Exercise brief: Collect all lines from the records below that include the word "moreover".
::: Material to process :::
lemma rooted_components: "C \<in> components N F s t \<Longrightarrow> \<exists>b\<in>B. rooted_at F s C b"
proof -
  assume "C \<in> components N F s t"
  then obtain x where x: "x \<in> N" "C = (adj F s t)\<^sup>* `` {x}" by (auto simp: components_def)
  have "{v \<in> C. \<not> (\<exists>e\<in>F. s e = v)} = {root x}"
  proof (intro equalityI subsetI)
    fix v assume "v \<in> {v \<in> C. \<not> (\<exists>e\<in>F. s e = v)}"
    then have "(x, v) \<in> (adj F s t)\<^sup>*" and no_out: "\<not> (\<exists>e\<in>F. s e = v)" using x(2) by auto
    then have "v \<in> N" "root v = root x" using root_adj_rtrancl x(1) by blast+
    moreover have "v \<in> B" using \<open>v \<in> N\<close> no_out nonroot_out_edge by blast
    ultimately show "v \<in> {root x}" using root_eqI[of v v] by simp
  next
    have "(x, root x) \<in> (adj F s t)\<^sup>*"
      using root[OF x(1)] rtrancl_mono[OF arcs_subset_adj] by blast
    then show "v \<in> {root x} \<Longrightarrow> v \<in> {v \<in> C. \<not> (\<exists>e\<in>F. s e = v)}" for v
      using root[OF x(1)] x(2) root_no_out_edge by blast
  qed
  then show ?thesis using root[OF x(1)] by (auto simp: rooted_at_def)
qed

end

lemma branching_imp_Theta:
  assumes "multidigraph m E s t" "B \<subseteq> {1..m+1}" "F \<subseteq> E" "branching {1..m+1} B F s t"
  shows "F \<in> Theta m E s t B"
proof -
  interpret branching_forest "{1..m+1}" B F s t
  proof
    show "finite F" using assms(1,3) finite_subset by (auto simp: multidigraph_def)
    show "s e \<in> {1..m+1} \<and> t e \<in> {1..m+1}" if "e \<in> F" for e
      using assms(1,3) that by (auto simp: multidigraph_def)
  qed (use assms in auto)
  show ?thesis
    using assms(3) undirected_acyclic card_components rooted_components
    by (simp add: Theta_def spanning_forest_def)
qed

section \<open>The forests of Theta are the branchings\<close>

context
  fixes m :: nat and E :: "'e set" and s t :: "'e \<Rightarrow> nat" and B :: "nat set" and F :: "'e set"
  assumes roots_in_nodes: "B \<subseteq> {1..m+1}" and Theta: "F \<in> Theta m E s t B"
begin

lemma Theta_no_is_cycle: "\<not> is_cycle F s t es vs"
proof -
  have "undirected_acyclic F s t" using Theta by (simp add: Theta_def spanning_forest_def)
  then show ?thesis by (rule undirected_acyclic_imp_no_is_cycle)
qed

lemma Theta_components_rooted: "C \<in> components {1..m+1} F s t \<Longrightarrow> \<exists>b\<in>B. rooted_at F s C b"
  using Theta by (auto simp: Theta_def)

lemma Theta_nonroot_out_edge:
  assumes "v \<in> {1..m+1} - B"
  shows "\<exists>e\<in>F. s e = v"
proof -
  have "(adj F s t)\<^sup>* `` {v} \<in> components {1..m+1} F s t"
    using assms unfolding components_def by blast
  then obtain b where "b \<in> B" "rooted_at F s ((adj F s t)\<^sup>* `` {v}) b"
    using Theta_components_rooted by blast
  then show ?thesis using assms by (auto simp: rooted_at_def)
qed

lemma Theta_root_no_out_edge:
  assumes "v \<in> B" "e \<in> F"
  shows "s e \<noteq> v"
proof -
  let ?C = "components {1..m+1} F s t" and ?A = "adj F s t"
  define root_of where "root_of C = (SOME b. b \<in> B \<and> rooted_at F s C b)" for C
  have root_of: "root_of C \<in> B \<and> root_of C \<in> C \<and> (\<forall>e\<in>F. s e \<noteq> root_of C)" if "C \<in> ?C" for C
  proof -
    have "root_of C \<in> B \<and> rooted_at F s C (root_of C)"
      unfolding root_of_def by (rule someI_ex) (use Theta_components_rooted that in blast)
    then show ?thesis by (auto simp: rooted_at_def)
  qed
  have component_eq: "C = ?A\<^sup>* `` {root_of C}" if C: "C \<in> ?C" for C
  proof -
    obtain x where "C = ?A\<^sup>* `` {x}" using C unfolding components_def by blast
    then show ?thesis using root_of[OF C] adj_rtrancl_Image_eq by blast
  qed
  \<comment> \<open>distinct components have distinct roots, so by counting every point of B is a root\<close>
  have "inj_on root_of ?C"
    by (rule inj_onI) (metis component_eq)
  then have "card (root_of ` ?C) = card B"
    using Theta by (simp add: card_image Theta_def)
  moreover have "finite B" using roots_in_nodes finite_subset by blast
  ultimately have "root_of ` ?C = B" using root_of by (meson card_subset_eq image_subsetI)
  then show ?thesis using assms root_of by blast
qed

lemma Theta_roots_connected_eq:
  assumes "b1 \<in> B" "b2 \<in> B" "(b1, b2) \<in> (adj F s t)\<^sup>*"
  shows "b1 = b2"
proof -
  have "(adj F s t)\<^sup>* `` {b1} \<in> components {1..m+1} F s t"
    using assms(1) roots_in_nodes unfolding components_def by blast
  then obtain b where "rooted_at F s ((adj F s t)\<^sup>* `` {b1}) b"
    using Theta_components_rooted by blast
  moreover have "b1 \<in> {v \<in> (adj F s t)\<^sup>* `` {b1}. \<not> (\<exists>e\<in>F. s e = v)}"
    and "b2 \<in> {v \<in> (adj F s t)\<^sup>* `` {b1}. \<not> (\<exists>e\<in>F. s e = v)}"
    using assms Theta_root_no_out_edge by blast+
  ultimately show ?thesis unfolding rooted_at_def by (metis singletonD)
qed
:::
Task solution:
    moreover have "v \<in> B" using \<open>v \<in> N\<close> no_out nonroot_out_edge by blast
  moreover have "finite B" using roots_in_nodes finite_subset by blast
  moreover have "b1 \<in> {v \<in> (adj F s t)\<^sup>* `` {b1}. \<not> (\<exists>e\<in>F. s e = v)}"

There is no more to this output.